▼

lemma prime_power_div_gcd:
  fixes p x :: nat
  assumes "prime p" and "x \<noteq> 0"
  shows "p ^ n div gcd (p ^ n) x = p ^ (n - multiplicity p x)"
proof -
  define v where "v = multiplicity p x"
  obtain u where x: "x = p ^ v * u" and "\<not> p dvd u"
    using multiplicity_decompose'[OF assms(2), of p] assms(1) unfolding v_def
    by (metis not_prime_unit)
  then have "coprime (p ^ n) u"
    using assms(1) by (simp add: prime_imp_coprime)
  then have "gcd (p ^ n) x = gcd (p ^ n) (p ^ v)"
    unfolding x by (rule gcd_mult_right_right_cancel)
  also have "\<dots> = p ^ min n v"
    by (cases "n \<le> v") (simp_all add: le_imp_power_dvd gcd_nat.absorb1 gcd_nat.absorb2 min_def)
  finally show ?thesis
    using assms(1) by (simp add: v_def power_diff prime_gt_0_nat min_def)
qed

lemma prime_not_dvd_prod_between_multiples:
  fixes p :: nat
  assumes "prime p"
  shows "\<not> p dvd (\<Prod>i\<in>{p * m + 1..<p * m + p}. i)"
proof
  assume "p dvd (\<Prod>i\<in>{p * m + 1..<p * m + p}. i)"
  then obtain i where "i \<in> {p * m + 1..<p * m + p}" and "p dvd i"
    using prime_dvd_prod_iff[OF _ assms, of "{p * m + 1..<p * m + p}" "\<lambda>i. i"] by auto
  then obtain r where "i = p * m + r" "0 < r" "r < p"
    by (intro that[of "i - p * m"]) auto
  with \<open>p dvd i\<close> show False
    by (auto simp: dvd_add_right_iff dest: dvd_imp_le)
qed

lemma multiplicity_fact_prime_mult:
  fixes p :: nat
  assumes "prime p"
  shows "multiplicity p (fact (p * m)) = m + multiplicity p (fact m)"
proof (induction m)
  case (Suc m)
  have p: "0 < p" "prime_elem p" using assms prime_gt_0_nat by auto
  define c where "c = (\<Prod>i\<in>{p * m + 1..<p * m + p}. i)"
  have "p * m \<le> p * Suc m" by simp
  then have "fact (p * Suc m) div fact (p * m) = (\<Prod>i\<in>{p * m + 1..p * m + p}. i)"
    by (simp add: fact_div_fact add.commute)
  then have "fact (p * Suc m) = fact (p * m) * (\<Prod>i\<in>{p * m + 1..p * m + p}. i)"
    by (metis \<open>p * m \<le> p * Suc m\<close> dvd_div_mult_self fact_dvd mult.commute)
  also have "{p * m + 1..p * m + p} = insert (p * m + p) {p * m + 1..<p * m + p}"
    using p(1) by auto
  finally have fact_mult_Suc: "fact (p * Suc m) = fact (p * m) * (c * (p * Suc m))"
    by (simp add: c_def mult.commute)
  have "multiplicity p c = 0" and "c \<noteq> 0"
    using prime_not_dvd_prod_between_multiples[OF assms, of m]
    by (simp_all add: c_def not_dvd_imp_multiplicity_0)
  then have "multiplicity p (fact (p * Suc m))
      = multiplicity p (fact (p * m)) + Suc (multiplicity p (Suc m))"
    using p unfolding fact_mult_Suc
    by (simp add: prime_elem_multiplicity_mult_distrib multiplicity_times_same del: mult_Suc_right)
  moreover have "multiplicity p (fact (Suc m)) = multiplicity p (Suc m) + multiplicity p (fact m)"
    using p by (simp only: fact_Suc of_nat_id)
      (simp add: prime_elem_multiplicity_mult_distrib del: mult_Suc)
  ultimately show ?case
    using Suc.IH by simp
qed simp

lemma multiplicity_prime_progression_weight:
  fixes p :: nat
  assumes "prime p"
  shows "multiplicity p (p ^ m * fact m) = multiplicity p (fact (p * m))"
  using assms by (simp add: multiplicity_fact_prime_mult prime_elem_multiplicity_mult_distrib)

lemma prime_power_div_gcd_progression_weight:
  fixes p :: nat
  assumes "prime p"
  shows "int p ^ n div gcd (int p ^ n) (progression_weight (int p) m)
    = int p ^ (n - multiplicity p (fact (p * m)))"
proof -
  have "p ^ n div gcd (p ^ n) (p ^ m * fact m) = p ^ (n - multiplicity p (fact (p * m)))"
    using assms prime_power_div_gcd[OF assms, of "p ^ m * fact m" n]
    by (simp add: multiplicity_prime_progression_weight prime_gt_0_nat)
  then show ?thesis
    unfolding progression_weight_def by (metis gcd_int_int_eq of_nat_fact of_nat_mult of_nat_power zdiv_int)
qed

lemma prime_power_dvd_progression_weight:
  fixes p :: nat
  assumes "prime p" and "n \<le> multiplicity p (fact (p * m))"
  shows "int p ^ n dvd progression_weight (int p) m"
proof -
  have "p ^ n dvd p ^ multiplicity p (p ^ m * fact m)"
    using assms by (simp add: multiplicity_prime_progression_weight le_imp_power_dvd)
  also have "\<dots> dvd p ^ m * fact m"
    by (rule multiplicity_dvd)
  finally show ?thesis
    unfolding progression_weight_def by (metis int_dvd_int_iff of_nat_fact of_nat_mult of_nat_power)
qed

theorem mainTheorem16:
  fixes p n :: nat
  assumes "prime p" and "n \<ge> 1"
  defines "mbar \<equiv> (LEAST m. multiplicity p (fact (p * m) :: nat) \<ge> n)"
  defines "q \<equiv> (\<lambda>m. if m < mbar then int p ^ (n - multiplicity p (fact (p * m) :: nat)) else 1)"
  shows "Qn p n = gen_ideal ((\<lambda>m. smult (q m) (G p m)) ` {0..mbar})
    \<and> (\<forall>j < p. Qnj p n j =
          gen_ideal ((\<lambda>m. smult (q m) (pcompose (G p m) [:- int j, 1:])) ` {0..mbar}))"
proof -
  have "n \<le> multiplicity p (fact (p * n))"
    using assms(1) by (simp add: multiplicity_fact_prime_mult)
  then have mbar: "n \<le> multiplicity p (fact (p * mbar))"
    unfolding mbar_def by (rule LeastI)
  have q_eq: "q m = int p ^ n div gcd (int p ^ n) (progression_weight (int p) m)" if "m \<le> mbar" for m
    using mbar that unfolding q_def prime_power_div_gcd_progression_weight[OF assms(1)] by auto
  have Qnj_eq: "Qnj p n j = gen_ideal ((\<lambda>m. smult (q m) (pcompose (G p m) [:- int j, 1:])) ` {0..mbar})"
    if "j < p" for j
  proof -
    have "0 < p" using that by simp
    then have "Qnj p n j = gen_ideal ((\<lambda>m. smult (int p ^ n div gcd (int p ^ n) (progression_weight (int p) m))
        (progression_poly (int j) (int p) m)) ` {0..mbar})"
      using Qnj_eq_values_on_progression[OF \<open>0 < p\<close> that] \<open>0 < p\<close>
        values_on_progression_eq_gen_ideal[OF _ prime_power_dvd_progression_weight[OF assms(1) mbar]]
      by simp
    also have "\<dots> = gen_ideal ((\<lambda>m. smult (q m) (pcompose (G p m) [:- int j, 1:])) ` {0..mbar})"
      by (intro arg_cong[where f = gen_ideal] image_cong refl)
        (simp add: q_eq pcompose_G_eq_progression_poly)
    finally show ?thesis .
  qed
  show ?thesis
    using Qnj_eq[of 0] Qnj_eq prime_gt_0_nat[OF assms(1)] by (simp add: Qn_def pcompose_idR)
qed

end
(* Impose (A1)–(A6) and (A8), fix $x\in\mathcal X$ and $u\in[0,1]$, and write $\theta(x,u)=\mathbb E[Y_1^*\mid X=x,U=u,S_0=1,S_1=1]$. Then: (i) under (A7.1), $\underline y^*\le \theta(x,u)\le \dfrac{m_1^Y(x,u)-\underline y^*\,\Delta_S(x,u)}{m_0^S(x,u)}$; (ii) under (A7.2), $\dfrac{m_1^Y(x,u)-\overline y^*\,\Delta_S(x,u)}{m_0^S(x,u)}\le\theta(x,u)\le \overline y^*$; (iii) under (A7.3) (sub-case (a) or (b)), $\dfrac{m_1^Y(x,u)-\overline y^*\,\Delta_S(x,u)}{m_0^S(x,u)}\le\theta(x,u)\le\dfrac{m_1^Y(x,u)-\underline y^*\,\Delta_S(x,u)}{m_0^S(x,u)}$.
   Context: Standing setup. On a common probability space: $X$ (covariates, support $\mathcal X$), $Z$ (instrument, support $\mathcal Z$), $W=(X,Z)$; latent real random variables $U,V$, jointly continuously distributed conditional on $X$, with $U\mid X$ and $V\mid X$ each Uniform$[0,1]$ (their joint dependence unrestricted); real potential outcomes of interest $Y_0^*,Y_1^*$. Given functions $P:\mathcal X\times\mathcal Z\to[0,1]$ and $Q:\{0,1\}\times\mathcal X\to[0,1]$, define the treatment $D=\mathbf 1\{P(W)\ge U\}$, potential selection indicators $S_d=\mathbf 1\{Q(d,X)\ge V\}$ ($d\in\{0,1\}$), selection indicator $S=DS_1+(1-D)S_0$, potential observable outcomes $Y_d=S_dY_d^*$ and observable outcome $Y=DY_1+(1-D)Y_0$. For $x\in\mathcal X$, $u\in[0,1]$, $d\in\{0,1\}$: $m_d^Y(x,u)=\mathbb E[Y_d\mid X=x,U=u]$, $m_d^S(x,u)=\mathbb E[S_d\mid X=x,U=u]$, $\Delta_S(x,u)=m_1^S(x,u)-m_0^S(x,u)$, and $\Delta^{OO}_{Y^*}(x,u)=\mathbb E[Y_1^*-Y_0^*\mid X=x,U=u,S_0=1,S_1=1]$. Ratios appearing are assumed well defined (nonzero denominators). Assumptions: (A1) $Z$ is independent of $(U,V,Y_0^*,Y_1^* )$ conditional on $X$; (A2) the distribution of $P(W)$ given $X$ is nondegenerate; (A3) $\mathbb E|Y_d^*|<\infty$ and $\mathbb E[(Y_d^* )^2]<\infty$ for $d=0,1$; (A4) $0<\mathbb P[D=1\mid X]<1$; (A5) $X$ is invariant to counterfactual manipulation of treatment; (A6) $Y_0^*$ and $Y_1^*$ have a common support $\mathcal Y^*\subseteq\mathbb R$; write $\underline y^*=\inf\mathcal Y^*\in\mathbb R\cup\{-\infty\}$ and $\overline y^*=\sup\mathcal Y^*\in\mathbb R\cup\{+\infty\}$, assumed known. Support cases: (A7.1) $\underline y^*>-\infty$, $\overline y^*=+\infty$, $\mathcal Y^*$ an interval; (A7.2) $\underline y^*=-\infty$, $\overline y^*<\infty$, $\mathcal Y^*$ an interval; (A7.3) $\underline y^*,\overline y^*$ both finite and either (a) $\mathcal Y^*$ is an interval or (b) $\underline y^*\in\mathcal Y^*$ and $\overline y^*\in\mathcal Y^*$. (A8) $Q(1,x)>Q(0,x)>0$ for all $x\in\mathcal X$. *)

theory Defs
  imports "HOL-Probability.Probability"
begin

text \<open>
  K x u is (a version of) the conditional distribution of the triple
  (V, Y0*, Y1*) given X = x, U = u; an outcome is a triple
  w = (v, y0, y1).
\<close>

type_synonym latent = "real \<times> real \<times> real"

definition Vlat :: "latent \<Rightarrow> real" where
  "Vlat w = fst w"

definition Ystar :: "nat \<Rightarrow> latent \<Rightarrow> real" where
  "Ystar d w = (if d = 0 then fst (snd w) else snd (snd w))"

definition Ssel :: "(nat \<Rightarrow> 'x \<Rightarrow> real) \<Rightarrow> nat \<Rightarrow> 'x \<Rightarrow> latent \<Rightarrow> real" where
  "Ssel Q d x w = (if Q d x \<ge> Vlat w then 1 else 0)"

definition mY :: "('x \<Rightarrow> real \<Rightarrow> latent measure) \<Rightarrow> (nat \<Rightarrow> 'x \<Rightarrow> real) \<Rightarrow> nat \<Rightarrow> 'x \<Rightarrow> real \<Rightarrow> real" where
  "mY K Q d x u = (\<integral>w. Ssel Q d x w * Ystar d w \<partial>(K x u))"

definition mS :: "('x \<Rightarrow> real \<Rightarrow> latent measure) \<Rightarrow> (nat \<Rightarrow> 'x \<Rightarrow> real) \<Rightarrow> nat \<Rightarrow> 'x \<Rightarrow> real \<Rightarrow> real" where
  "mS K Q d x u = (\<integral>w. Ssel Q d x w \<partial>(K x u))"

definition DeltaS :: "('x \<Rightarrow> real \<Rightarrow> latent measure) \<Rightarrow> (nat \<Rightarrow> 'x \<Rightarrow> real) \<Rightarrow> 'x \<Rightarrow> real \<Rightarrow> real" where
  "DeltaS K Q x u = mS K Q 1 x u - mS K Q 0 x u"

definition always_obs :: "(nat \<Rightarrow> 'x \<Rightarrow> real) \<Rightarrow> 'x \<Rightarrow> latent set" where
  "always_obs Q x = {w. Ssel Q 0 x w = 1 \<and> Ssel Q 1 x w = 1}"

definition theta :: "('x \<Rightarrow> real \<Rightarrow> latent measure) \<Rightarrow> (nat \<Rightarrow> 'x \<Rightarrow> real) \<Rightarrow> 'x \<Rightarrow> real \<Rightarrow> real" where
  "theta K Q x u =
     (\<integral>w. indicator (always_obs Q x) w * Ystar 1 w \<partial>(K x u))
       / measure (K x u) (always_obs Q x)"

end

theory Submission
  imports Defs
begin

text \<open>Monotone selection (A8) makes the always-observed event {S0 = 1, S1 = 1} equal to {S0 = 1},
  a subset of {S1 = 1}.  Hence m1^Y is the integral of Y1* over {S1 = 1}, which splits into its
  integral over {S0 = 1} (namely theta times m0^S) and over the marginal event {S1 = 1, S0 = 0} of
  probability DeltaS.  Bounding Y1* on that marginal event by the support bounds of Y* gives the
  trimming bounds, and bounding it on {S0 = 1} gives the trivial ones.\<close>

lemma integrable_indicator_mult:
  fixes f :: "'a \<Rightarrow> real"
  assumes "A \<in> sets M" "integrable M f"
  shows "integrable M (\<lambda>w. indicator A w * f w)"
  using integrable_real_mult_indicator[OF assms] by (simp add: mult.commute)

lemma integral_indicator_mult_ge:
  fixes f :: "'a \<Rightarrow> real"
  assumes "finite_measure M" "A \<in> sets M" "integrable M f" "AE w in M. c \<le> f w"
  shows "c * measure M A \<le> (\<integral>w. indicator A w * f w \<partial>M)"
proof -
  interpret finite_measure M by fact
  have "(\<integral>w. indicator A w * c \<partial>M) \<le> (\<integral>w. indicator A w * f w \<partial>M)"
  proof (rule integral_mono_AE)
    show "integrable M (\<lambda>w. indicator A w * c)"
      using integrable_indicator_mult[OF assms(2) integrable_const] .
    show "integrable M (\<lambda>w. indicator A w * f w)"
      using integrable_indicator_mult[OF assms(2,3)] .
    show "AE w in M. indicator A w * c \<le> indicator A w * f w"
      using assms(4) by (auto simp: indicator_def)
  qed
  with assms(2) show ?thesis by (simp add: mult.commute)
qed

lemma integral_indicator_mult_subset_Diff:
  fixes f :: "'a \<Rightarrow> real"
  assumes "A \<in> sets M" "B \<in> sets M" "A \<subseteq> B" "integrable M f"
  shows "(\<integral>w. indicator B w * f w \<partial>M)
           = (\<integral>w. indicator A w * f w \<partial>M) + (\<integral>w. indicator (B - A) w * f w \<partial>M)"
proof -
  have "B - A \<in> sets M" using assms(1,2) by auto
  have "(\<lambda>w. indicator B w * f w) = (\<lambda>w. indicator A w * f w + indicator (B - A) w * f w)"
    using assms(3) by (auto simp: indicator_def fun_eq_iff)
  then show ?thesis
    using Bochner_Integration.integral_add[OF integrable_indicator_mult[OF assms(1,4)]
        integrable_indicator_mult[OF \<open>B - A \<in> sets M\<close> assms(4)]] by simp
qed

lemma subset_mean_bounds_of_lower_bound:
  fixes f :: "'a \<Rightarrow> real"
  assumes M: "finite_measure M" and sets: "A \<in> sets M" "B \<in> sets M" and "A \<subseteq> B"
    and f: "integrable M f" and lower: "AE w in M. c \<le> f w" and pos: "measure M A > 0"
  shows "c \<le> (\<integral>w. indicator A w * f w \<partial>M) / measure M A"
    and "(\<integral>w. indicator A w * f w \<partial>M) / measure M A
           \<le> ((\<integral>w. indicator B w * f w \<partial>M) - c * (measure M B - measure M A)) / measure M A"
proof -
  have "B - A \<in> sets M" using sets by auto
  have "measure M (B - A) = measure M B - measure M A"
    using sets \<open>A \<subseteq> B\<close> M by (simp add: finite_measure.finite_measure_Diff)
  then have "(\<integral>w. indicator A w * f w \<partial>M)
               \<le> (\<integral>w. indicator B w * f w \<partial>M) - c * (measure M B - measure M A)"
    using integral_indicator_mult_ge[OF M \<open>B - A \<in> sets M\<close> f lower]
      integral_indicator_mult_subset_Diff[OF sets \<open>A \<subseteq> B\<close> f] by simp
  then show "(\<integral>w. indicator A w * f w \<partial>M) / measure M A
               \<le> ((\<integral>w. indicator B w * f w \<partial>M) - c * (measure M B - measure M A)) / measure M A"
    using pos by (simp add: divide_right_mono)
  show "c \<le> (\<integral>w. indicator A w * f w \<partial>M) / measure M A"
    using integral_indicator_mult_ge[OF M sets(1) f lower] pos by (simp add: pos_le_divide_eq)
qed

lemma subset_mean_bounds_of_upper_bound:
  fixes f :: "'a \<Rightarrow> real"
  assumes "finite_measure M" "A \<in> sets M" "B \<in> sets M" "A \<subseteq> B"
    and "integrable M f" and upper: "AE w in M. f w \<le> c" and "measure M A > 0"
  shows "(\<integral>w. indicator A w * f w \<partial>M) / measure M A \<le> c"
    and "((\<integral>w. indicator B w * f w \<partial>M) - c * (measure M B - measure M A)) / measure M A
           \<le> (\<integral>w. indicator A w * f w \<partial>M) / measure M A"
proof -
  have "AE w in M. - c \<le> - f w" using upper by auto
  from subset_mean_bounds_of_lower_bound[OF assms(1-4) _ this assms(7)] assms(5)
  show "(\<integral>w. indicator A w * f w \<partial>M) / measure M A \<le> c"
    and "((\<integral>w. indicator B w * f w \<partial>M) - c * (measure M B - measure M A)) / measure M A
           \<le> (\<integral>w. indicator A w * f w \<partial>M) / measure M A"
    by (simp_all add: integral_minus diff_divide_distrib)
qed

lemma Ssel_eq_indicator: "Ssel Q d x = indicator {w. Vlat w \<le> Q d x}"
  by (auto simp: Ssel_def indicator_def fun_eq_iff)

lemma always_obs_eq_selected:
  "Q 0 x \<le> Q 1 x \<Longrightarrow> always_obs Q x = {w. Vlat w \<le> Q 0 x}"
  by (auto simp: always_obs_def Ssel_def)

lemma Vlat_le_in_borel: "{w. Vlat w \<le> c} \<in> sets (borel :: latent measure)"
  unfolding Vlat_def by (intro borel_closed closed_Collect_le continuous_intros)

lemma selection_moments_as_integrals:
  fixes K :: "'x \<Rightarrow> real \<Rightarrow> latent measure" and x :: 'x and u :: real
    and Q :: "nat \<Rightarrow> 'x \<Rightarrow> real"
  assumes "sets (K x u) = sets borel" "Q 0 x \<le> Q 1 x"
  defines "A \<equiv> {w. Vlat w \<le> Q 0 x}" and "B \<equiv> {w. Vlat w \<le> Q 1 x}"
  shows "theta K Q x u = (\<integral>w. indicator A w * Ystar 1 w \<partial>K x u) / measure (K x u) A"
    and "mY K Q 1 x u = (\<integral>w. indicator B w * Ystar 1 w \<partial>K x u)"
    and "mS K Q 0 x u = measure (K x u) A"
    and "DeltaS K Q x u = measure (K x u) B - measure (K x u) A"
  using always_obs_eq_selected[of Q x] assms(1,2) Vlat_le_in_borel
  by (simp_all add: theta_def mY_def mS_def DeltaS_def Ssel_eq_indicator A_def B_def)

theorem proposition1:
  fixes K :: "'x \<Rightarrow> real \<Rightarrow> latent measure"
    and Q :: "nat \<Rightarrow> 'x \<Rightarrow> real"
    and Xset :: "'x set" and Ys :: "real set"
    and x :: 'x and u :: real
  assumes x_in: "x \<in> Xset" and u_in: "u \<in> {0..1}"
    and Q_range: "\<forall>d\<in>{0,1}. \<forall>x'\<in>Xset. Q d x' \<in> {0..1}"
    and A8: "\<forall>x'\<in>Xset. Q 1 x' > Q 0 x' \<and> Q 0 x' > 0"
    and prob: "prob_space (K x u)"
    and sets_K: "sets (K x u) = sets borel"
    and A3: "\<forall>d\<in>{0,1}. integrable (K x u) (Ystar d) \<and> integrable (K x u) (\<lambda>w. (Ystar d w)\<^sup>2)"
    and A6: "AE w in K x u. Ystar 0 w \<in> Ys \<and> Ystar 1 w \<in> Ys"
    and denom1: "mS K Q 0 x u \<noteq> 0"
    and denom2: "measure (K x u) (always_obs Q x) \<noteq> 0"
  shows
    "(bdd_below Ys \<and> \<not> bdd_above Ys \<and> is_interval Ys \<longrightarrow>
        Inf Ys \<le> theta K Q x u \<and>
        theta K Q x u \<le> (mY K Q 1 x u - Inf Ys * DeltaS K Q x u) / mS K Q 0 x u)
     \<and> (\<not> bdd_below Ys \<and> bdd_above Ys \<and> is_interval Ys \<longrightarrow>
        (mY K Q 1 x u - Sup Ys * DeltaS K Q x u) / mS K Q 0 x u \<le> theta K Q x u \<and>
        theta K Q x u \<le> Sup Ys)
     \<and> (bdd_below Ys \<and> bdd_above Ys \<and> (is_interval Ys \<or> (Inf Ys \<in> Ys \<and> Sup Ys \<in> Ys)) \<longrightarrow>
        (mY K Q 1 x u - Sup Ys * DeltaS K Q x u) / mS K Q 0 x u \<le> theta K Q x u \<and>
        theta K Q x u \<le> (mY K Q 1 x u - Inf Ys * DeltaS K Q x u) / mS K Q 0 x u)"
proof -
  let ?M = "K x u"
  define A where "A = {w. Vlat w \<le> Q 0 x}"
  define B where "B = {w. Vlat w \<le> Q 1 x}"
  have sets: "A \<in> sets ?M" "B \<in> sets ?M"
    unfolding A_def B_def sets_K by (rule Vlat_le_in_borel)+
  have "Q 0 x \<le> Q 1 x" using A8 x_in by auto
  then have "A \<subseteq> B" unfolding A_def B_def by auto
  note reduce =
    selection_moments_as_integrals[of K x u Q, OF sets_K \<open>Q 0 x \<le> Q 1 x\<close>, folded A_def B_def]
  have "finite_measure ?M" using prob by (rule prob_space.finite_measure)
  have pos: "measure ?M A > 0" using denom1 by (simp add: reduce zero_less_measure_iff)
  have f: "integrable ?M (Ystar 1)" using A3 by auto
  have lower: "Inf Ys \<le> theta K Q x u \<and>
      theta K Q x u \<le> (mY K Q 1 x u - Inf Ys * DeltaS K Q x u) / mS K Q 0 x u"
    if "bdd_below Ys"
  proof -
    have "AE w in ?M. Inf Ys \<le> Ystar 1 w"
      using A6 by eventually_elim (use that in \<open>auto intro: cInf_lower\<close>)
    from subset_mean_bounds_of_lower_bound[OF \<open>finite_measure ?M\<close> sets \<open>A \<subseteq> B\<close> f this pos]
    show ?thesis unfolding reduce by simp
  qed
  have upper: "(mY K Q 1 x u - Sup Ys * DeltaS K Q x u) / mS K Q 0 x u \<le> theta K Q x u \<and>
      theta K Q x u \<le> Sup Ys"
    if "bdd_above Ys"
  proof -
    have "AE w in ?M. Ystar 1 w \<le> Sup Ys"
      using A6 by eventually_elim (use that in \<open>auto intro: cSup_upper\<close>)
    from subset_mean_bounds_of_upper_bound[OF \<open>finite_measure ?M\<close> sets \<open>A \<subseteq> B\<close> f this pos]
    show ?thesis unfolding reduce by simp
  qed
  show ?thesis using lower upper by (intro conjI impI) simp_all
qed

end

▲

» **TASK ITEM**:
From the listing above, output exactly the run of lines that starts with the line containing "(V, Y0*, Y1*)" and ends with the line containing "x w \<partial>(K".

» **SOLUTION BELOW**:
  (V, Y0*, Y1*) given X = x, U = u; an outcome is a triple
  w = (v, y0, y1).
\<close>

type_synonym latent = "real \<times> real \<times> real"

definition Vlat :: "latent \<Rightarrow> real" where
  "Vlat w = fst w"

definition Ystar :: "nat \<Rightarrow> latent \<Rightarrow> real" where
  "Ystar d w = (if d = 0 then fst (snd w) else snd (snd w))"

definition Ssel :: "(nat \<Rightarrow> 'x \<Rightarrow> real) \<Rightarrow> nat \<Rightarrow> 'x \<Rightarrow> latent \<Rightarrow> real" where
  "Ssel Q d x w = (if Q d x \<ge> Vlat w then 1 else 0)"

definition mY :: "('x \<Rightarrow> real \<Rightarrow> latent measure) \<Rightarrow> (nat \<Rightarrow> 'x \<Rightarrow> real) \<Rightarrow> nat \<Rightarrow> 'x \<Rightarrow> real \<Rightarrow> real" where
  "mY K Q d x u = (\<integral>w. Ssel Q d x w * Ystar d w \<partial>(K x u))"

definition mS :: "('x \<Rightarrow> real \<Rightarrow> latent measure) \<Rightarrow> (nat \<Rightarrow> 'x \<Rightarrow> real) \<Rightarrow> nat \<Rightarrow> 'x \<Rightarrow> real \<Rightarrow> real" where
  "mS K Q d x u = (\<integral>w. Ssel Q d x w \<partial>(K x u))"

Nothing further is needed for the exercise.